┌──

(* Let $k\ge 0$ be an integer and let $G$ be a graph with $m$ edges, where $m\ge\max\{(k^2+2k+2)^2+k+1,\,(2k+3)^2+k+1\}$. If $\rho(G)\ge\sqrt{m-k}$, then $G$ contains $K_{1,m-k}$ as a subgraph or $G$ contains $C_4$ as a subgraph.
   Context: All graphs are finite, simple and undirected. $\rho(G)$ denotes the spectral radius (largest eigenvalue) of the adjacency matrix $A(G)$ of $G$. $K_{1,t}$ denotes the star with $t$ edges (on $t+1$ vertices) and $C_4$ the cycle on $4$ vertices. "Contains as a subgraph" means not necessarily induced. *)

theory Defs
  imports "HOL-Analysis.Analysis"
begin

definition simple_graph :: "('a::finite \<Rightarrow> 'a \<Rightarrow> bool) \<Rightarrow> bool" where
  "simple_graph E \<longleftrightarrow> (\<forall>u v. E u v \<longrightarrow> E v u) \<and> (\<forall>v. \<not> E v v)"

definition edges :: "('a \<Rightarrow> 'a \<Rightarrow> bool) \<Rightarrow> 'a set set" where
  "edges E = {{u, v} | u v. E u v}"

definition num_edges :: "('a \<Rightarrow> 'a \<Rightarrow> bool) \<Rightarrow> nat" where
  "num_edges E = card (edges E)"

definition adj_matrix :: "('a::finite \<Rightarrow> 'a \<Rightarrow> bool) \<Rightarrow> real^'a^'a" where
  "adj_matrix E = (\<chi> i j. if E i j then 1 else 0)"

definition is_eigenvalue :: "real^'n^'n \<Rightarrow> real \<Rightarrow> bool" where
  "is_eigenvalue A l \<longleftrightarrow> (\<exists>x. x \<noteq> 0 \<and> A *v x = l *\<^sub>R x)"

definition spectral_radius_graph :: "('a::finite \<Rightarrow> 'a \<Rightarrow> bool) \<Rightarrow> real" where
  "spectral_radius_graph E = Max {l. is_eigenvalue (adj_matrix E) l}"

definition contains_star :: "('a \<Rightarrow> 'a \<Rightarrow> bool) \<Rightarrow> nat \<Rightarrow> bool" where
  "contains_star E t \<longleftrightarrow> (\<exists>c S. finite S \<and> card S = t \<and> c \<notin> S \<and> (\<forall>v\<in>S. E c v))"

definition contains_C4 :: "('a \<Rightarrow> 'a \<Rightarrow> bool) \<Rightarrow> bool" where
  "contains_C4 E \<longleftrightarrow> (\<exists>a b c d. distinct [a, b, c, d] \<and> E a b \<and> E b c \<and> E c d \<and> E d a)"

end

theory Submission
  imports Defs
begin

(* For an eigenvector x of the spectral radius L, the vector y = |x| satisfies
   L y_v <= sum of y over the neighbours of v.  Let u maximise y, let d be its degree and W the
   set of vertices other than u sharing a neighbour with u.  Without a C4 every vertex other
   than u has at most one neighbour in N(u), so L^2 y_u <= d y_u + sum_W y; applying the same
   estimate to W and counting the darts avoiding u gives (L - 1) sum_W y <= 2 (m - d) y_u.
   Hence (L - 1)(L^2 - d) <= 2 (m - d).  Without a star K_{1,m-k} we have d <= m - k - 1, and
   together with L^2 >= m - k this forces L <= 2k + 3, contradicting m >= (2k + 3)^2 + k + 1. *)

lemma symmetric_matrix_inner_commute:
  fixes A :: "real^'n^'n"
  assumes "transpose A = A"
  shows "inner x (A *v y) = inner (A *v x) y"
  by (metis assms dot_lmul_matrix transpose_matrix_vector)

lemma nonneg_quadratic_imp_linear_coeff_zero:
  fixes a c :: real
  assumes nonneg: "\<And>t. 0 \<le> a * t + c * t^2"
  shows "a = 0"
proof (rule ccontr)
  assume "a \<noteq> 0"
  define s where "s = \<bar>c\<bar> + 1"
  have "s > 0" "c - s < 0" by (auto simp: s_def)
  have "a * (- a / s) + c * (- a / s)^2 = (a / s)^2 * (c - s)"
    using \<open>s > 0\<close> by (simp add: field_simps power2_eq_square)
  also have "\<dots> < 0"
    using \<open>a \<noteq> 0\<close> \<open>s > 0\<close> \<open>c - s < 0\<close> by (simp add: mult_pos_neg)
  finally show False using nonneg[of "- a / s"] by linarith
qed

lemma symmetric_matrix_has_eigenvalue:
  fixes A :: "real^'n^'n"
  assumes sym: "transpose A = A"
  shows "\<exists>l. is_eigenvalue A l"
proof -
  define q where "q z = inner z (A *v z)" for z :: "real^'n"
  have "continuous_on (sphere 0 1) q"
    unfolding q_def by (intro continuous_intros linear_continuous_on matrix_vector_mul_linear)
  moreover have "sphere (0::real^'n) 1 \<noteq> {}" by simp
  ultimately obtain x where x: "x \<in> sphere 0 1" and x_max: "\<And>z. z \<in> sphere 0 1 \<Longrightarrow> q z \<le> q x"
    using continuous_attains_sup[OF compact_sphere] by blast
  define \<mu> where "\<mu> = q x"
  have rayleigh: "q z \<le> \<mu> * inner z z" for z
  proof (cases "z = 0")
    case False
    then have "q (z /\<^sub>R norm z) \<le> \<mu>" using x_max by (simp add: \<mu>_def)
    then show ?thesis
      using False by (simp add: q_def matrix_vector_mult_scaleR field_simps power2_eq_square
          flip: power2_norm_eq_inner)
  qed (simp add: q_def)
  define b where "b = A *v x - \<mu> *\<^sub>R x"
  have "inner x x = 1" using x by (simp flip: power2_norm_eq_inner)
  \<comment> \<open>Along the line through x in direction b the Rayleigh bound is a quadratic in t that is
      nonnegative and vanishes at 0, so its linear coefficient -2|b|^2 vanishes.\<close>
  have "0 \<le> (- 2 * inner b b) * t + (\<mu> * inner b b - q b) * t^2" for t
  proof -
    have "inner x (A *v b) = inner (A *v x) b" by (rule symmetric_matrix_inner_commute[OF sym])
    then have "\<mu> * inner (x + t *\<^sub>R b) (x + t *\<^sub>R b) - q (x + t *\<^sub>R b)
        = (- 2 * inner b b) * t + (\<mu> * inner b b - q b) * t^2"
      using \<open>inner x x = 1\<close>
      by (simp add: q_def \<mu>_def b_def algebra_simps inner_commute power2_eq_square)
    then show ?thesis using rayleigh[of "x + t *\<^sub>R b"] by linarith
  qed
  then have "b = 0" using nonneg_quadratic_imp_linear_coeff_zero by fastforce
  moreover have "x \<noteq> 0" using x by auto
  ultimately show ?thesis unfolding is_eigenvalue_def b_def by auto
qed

└──

Work to complete –
Sift the material for lines with the string "thesis". Copy each one found.

The answer –
    then show ?thesis
    then show ?thesis using rayleigh[of "x + t *\<^sub>R b"] by linarith
  ultimately show ?thesis unfolding is_eigenvalue_def b_def by auto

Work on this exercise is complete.